## What you are asked to do
Set down exactly the lines of the records from the top to the line containing "(\<Phi> ((\<Phi> ^^"; include both.

## Source records

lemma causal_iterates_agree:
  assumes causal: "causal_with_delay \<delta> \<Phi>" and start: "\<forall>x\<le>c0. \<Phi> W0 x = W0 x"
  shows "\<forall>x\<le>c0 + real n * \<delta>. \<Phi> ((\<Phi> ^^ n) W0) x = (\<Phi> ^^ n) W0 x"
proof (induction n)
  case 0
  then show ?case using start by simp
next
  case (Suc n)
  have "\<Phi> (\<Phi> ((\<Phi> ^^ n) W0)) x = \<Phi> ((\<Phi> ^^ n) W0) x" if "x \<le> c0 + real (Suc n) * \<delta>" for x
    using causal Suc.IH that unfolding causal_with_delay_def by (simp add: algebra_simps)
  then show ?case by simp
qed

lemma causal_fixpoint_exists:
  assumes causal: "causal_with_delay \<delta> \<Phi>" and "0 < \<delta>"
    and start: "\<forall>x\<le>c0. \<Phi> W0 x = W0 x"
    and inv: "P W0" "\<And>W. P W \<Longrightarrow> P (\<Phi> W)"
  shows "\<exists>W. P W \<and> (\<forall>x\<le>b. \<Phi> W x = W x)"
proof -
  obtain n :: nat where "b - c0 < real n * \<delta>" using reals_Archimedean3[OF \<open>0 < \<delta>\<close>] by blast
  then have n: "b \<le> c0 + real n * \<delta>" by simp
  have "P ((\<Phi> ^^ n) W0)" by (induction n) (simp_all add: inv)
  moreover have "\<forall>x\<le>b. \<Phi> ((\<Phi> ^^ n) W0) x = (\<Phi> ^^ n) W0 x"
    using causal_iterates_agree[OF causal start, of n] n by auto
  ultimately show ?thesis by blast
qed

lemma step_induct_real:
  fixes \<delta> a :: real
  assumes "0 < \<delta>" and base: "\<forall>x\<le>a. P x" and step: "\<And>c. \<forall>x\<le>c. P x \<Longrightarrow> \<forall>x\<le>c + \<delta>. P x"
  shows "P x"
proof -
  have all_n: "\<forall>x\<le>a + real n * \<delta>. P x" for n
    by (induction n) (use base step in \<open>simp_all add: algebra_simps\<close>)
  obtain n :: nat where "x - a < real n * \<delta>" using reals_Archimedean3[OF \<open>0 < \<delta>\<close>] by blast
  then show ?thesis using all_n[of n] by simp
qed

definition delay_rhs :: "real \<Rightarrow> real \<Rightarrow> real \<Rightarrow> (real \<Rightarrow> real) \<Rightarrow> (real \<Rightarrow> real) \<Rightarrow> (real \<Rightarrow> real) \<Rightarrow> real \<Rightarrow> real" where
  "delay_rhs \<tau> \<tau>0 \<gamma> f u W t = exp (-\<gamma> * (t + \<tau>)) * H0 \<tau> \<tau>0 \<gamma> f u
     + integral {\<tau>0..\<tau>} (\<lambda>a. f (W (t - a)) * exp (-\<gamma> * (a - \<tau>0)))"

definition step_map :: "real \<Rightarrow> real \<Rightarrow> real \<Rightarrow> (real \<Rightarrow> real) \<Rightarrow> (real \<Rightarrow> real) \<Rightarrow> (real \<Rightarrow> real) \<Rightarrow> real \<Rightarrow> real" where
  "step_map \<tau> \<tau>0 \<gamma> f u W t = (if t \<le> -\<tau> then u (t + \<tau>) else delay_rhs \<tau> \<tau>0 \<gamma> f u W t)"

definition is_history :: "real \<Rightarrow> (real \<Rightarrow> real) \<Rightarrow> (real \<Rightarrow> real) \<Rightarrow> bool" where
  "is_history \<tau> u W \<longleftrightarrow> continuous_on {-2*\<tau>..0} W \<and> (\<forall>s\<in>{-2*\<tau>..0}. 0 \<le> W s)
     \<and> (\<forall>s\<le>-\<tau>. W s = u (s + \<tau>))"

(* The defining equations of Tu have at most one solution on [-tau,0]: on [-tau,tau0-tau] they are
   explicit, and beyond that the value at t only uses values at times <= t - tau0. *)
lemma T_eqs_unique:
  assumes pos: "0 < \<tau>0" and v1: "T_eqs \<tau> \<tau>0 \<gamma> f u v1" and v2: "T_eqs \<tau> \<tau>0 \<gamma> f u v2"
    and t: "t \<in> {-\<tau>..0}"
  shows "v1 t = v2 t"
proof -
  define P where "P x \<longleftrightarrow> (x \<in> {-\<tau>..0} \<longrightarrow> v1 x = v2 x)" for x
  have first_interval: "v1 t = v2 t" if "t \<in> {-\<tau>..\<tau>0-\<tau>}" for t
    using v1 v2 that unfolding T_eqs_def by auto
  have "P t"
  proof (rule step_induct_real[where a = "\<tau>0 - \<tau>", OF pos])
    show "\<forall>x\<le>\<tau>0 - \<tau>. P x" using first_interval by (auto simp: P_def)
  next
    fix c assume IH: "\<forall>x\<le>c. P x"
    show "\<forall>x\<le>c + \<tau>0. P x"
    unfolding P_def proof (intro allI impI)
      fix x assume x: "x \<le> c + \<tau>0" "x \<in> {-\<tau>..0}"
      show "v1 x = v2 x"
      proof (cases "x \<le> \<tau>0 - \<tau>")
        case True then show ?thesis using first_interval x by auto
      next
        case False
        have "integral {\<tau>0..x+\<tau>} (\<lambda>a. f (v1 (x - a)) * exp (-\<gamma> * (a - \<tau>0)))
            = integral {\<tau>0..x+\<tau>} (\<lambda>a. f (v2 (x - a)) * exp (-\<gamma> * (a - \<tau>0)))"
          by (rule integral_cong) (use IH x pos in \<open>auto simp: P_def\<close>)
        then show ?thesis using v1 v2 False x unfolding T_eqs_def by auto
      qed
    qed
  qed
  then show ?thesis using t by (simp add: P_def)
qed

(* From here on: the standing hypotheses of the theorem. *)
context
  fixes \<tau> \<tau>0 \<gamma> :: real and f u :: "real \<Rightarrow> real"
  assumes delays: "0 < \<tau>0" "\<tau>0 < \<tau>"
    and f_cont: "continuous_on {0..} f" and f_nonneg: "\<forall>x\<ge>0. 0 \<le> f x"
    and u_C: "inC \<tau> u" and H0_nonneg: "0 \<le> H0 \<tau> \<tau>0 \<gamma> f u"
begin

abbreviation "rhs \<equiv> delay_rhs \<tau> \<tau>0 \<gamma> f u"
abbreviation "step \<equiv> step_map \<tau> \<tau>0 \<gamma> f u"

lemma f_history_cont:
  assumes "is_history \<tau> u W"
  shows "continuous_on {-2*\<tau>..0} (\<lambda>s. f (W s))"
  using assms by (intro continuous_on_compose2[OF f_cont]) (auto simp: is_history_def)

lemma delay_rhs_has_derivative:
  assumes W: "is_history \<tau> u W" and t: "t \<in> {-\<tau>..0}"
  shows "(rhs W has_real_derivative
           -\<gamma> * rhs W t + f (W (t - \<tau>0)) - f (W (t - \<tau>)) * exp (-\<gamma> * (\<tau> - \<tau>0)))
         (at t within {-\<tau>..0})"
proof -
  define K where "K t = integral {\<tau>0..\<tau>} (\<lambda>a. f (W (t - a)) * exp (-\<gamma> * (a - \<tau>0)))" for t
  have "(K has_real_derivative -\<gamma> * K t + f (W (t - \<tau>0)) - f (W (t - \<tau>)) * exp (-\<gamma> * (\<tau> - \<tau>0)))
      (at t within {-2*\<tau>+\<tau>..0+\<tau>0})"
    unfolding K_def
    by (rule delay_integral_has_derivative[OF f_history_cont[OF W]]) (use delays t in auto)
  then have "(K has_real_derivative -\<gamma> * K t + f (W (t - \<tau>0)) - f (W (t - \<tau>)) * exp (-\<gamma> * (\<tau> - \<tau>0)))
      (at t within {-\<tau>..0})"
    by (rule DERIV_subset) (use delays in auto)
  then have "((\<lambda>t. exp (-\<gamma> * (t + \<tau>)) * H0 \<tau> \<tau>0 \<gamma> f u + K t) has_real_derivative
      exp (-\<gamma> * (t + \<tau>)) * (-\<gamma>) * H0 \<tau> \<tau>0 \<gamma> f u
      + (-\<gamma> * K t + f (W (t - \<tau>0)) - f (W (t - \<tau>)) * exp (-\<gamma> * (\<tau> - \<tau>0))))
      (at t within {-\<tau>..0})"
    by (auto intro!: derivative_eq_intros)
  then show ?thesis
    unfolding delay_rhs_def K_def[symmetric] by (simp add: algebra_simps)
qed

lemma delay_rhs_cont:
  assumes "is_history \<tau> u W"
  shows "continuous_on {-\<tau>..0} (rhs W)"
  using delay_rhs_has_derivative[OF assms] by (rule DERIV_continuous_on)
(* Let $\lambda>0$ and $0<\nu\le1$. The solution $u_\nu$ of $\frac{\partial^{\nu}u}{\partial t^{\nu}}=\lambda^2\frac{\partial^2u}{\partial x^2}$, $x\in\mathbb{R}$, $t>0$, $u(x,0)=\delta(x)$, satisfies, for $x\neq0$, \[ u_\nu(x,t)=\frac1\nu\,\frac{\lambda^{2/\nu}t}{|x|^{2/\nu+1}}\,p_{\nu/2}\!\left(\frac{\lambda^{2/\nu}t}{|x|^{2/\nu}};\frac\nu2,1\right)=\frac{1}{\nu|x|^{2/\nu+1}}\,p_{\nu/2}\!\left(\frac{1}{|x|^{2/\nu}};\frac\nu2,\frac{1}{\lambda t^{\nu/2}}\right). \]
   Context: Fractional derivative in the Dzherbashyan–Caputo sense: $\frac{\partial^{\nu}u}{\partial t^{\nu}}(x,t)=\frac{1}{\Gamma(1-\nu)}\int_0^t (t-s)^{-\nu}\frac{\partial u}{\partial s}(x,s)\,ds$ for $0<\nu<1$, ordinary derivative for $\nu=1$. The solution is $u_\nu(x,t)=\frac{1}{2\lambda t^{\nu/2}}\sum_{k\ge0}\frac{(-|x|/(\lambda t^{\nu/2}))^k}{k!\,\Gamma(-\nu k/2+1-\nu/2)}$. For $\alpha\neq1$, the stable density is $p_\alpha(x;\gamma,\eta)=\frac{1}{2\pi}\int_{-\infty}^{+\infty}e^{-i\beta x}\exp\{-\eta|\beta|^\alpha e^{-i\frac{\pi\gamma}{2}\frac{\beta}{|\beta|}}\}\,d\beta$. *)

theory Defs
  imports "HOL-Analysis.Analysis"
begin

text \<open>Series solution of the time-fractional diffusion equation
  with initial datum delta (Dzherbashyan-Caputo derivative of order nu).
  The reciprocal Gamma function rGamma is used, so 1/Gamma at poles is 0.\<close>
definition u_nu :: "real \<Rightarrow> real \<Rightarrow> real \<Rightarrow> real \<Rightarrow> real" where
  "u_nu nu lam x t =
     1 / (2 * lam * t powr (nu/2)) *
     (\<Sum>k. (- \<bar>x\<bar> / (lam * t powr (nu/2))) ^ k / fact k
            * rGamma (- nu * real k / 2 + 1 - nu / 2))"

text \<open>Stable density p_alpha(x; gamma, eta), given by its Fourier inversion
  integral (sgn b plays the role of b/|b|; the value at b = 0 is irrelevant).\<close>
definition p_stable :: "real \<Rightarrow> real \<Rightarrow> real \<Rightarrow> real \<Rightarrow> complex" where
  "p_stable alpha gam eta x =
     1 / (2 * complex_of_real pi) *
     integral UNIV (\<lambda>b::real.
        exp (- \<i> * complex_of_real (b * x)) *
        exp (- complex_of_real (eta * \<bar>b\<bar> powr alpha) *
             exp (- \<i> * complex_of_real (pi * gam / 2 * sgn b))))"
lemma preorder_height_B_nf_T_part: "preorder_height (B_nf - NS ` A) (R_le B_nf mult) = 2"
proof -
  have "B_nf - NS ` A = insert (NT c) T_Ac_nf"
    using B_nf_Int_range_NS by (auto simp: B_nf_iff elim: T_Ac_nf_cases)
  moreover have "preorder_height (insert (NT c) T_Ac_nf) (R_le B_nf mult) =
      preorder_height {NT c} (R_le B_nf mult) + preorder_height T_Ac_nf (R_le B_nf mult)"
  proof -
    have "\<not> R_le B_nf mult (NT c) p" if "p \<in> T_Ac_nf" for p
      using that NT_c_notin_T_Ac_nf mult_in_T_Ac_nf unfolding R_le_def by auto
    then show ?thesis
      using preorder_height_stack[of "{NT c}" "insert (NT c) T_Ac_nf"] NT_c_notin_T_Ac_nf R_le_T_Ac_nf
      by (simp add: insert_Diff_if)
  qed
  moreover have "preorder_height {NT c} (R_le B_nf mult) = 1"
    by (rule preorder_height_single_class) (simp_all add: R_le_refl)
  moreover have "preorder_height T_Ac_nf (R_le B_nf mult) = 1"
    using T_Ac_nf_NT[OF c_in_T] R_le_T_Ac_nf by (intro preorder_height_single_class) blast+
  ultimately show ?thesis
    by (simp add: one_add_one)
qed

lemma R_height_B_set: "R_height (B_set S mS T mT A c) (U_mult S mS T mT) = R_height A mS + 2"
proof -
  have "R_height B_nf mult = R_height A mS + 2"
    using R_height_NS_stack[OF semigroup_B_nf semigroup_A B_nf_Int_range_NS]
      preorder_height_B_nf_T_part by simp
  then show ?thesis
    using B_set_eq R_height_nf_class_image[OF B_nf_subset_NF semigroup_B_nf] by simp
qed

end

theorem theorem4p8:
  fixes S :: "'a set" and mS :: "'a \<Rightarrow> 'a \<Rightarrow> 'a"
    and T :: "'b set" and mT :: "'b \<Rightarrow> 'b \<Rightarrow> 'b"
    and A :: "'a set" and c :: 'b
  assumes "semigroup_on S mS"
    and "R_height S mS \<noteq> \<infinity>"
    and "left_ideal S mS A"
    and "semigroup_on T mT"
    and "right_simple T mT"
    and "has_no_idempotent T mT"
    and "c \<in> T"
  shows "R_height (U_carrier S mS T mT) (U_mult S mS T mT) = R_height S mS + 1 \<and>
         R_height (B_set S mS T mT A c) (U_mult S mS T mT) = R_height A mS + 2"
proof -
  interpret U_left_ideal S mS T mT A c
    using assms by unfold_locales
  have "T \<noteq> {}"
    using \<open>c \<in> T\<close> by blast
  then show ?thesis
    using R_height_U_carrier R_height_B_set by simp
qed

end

## Answer below
lemma causal_iterates_agree:
  assumes causal: "causal_with_delay \<delta> \<Phi>" and start: "\<forall>x\<le>c0. \<Phi> W0 x = W0 x"
  shows "\<forall>x\<le>c0 + real n * \<delta>. \<Phi> ((\<Phi> ^^ n) W0) x = (\<Phi> ^^ n) W0 x"
proof (induction n)
  case 0
  then show ?case using start by simp
next
  case (Suc n)
  have "\<Phi> (\<Phi> ((\<Phi> ^^ n) W0)) x = \<Phi> ((\<Phi> ^^ n) W0) x" if "x \<le> c0 + real (Suc n) * \<delta>" for x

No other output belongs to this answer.